§ WHAT THE TASK ASKS
Reply with one number only: the count of lines below that contain the word "unfolding".
━━━━━━━━━━
(* Let $k\ge 2$ be an integer and let $H=(V,\mathcal E)$ be a finite hypergraph that is hereditarily $k$-colorable. Set $\lambda := \frac{k}{k-1}$. Let $\mathcal L=\{L_v\}_{v\in V}$ be a family of finite sets of positive integers such that $\sum_{v\in V}\lambda^{-|L_v|} < 1$. Then $H$ admits a unique-maximum coloring from $\mathcal L$, i.e., there is a unique-maximum coloring $C$ of $H$ with $C(v)\in L_v$ for every $v\in V$.
   Context: A hypergraph $H=(V,\mathcal E)$ has finite vertex set $V$ and a family $\mathcal E$ of nonempty subsets of $V$ (hyperedges). A coloring $C\colon V\to\mathbb Z_{>0}$ is proper if every hyperedge with at least two vertices is non-monochromatic. It is a unique-maximum coloring if for every $S\in\mathcal E$, the maximum color $\max_{v\in S}C(v)$ is attained by exactly one vertex of $S$. For $V'\subseteq V$, the induced sub-hypergraph is $H[V']=(V',\{S\cap V' : S\in\mathcal E\})$. $H$ is hereditarily $k$-colorable if for every $V'\subseteq V$, $H[V']$ admits a proper coloring with at most $k$ colors. Given a family $\mathcal L=\{L_v\}_{v\in V}$ of sets of positive integers, $H$ admits a (unique-maximum) coloring from $\mathcal L$ if there is such a coloring with $C(v)\in L_v$ for all $v$. *)

theory Defs
  imports Complex_Main
begin

definition hypergraph :: "'a set \<Rightarrow> 'a set set \<Rightarrow> bool" where
  "hypergraph V E \<longleftrightarrow> finite V \<and> (\<forall>S\<in>E. S \<noteq> {} \<and> S \<subseteq> V)"

definition induced_edges :: "'a set set \<Rightarrow> 'a set \<Rightarrow> 'a set set" where
  "induced_edges E V' = {S \<inter> V' | S. S \<in> E}"
lemma bernoulli_expectation_insert:
  assumes "finite J" "a \<notin> J"
  shows "bernoulli_expectation p (insert a J) F =
    (1 - p a) * bernoulli_expectation p J (\<lambda>y. F (y(a := False))) +
    p a * bernoulli_expectation p J (\<lambda>y. F (y(a := True)))"
proof -
  let ?upd = "\<lambda>(b, y). y(a := b)"
  have inj: "inj_on ?upd (UNIV \<times> (J \<rightarrow>\<^sub>E UNIV))"
    using assms(2) by (auto simp: inj_on_def PiE_def extensional_def fun_eq_iff)
  have weight: "bernoulli_weight p (insert a J) (y(a := b)) =
      (if b then p a else 1 - p a) * bernoulli_weight p J y" for y b
  proof -
    have "(\<Prod>n\<in>J. if (y(a := b)) n then p n else 1 - p n) = (\<Prod>n\<in>J. if y n then p n else 1 - p n)"
      using assms by (intro prod.cong) auto
    then show ?thesis unfolding bernoulli_weight_def using assms by simp
  qed
  have "bernoulli_expectation p (insert a J) F =
      (\<Sum>z\<in>UNIV \<times> (J \<rightarrow>\<^sub>E UNIV). bernoulli_weight p (insert a J) (?upd z) * F (?upd z))"
    unfolding bernoulli_expectation_def PiE_insert_eq by (subst sum.reindex[OF inj]) (simp add: comp_def)
  also have "\<dots> = (\<Sum>b\<in>UNIV. \<Sum>y\<in>J \<rightarrow>\<^sub>E UNIV. bernoulli_weight p (insert a J) (y(a := b)) * F (y(a := b)))"
    by (subst sum.cartesian_product) (simp add: case_prod_beta)
  finally show ?thesis
    unfolding bernoulli_expectation_def weight UNIV_bool by (simp add: sum_distrib_left mult.assoc)
qed

lemma bernoulli_expectation_const_one:
  assumes "finite J"
  shows "bernoulli_expectation p J (\<lambda>_. 1) = 1"
proof -
  have "bernoulli_expectation p J (\<lambda>_. 1) =
      (\<Sum>y\<in>J \<rightarrow>\<^sub>E UNIV. \<Prod>n\<in>J. (\<lambda>n b. if b then p n else 1 - p n) n (y n))"
    unfolding bernoulli_expectation_def bernoulli_weight_def by simp
  also have "\<dots> = (\<Prod>n\<in>J. \<Sum>b\<in>UNIV. if b then p n else 1 - p n)"
    using assms by (intro prod_sum_PiE[symmetric]) auto
  finally show ?thesis by (simp add: UNIV_bool)
qed

lemma bernoulli_expectation_all:
  assumes "finite J"
  shows "bernoulli_expectation p J (\<lambda>y. of_bool (\<forall>n\<in>J. y n)) = (\<Prod>n\<in>J. p n)"
proof -
  have "bernoulli_expectation p J (\<lambda>y. of_bool (\<forall>n\<in>J. y n)) =
      (\<Sum>y\<in>J \<rightarrow>\<^sub>E UNIV. \<Prod>n\<in>J. (\<lambda>n b. if b then p n else 0) n (y n))"
    unfolding bernoulli_expectation_def bernoulli_weight_def
  proof (intro sum.cong refl)
    fix y :: "nat \<Rightarrow> bool"
    show "(\<Prod>n\<in>J. if y n then p n else 1 - p n) * of_bool (\<forall>n\<in>J. y n) =
        (\<Prod>n\<in>J. (\<lambda>n b. if b then p n else 0) n (y n))"
      using assms by (cases "\<forall>n\<in>J. y n") (auto cong: prod.cong intro: prod_zero)
  qed
  also have "\<dots> = (\<Prod>n\<in>J. \<Sum>b\<in>UNIV. if b then p n else 0)"
    using assms by (intro prod_sum_PiE[symmetric]) auto
  finally show ?thesis by (simp add: UNIV_bool)
qed
definition surv :: "(real \<Rightarrow> real) \<Rightarrow> real \<Rightarrow> real \<Rightarrow> real" where
  "surv k lam a = exp (- (LINT u:{0..a}|lborel. (k u + lam)))"

definition solves_char_eq :: "(real \<Rightarrow> real) \<Rightarrow> (real \<Rightarrow> real) \<Rightarrow> real \<Rightarrow> bool" where
  "solves_char_eq k b lam \<longleftrightarrow>
     set_integrable lborel {0..} (\<lambda>a. b a * surv k lam a) \<and>
     (LINT a:{0..}|lborel. b a * surv k lam a) = 1"

text \<open>Nonnegative steady state (n1, N2) of the system; the transport equation
  \<partial>_a n1 = -(k + c1tot N1 + c2tot N2) n1 is understood in integrated
  (absolutely continuous) form, as k is only measurable.\<close>
definition steady_state ::
  "(real \<Rightarrow> real) \<Rightarrow> (real \<Rightarrow> real) \<Rightarrow> real \<Rightarrow> real \<Rightarrow> real \<Rightarrow> real \<Rightarrow> real
   \<Rightarrow> real \<Rightarrow> real \<Rightarrow> (real \<Rightarrow> real) \<Rightarrow> real \<Rightarrow> bool" where
  "steady_state k b d \<eta>1 \<eta>2 c1 c2 ct1 ct2 n1 N2 \<longleftrightarrow>
     (\<forall>a\<ge>0. 0 \<le> n1 a) \<and> 0 \<le> N2 \<and> set_integrable lborel {0..} n1 \<and>
     (let N1 = (LINT a:{0..}|lborel. n1 a) in
       (\<forall>a\<ge>0. n1 a = n1 0 -
           (LINT u:{0..a}|lborel. (k u + (\<eta>1 + c1) * N1 + (\<eta>2 + c2) * N2) * n1 u)) \<and>
       n1 0 = (LINT a:{0..}|lborel. b a * n1 a) \<and>
       0 = - (d + ct1 * N1 + ct2 * N2) * N2
           + (LINT a:{0..}|lborel. (k a + \<eta>1 * N1 + \<eta>2 * N2) * n1 a))"

definition nontrivial :: "(real \<Rightarrow> real) \<Rightarrow> real \<Rightarrow> bool" where
  "nontrivial n1 N2 \<longleftrightarrow> (\<exists>a\<ge>0. n1 a \<noteq> 0) \<or> N2 \<noteq> 0"

end

theory Submission
  imports Defs
begin

text \<open>With the totals frozen, the transport equation of a steady state is linear: for
  \<Lambda> = (\<eta>1 + c1) N1 + (\<eta>2 + c2) N2 it reads n1 a = n1 0 - \<integral>_0^a (k + \<Lambda>) n1, and its
  solution is n1 0 * surv k \<Lambda> a. As k is merely measurable there is no chain rule to
  verify this; instead n1 a * exp (\<integral>_0^a (k + \<Lambda>)) is shown to have increments of second
  order in t - s and hence to be constant. Nontriviality together with d > 0 forces n1 0 > 0,
  so the boundary condition n1 0 = \<integral> b n1 says that \<Lambda> solves the characteristic
  equation. R0 > 1 rules out \<Lambda> = 0, and the root is unique because the characteristic
  integral is strictly decreasing in \<lambda>.\<close>

lemma quadratic_increments_imp_constant:
  fixes F :: "real \<Rightarrow> real"
  assumes S: "convex S"
    and incr: "\<And>s t. s \<in> S \<Longrightarrow> t \<in> S \<Longrightarrow> \<bar>F t - F s\<bar> \<le> C * (t - s)\<^sup>2"
    and "x \<in> S" "y \<in> S"
  shows "F x = F y"
proof -
  have "(F has_field_derivative 0) (at s within S)" if s: "s \<in> S" for s
    unfolding has_field_derivative_iff
  proof (rule Lim_null_comparison)
    have "\<bar>(F t - F s) / (t - s)\<bar> \<le> C * \<bar>t - s\<bar>" if "t \<in> S" "t \<noteq> s" for t
    proof -
      have "\<bar>F t - F s\<bar> \<le> C * \<bar>t - s\<bar> * \<bar>t - s\<bar>"
        using incr[OF s that(1)] by (simp add: power2_eq_square)
      then show ?thesis
        using that(2) by (simp add: divide_le_eq)
    qed
    then show "\<forall>\<^sub>F t in at s within S. norm ((F t - F s) / (t - s)) \<le> C * \<bar>t - s\<bar>"
      by (auto simp: eventually_at_filter)
    show "((\<lambda>t. C * \<bar>t - s\<bar>) \<longlongrightarrow> 0) (at s within S)"
      by (intro tendsto_eq_intros) auto
  qed
  then obtain c where "\<forall>s\<in>S. F s = c"
    using has_field_derivative_zero_constant[OF S] by blast
  with assms(3,4) show ?thesis by simp
qed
━━━━━━━━━━
§ RESULT OF THE TASK
6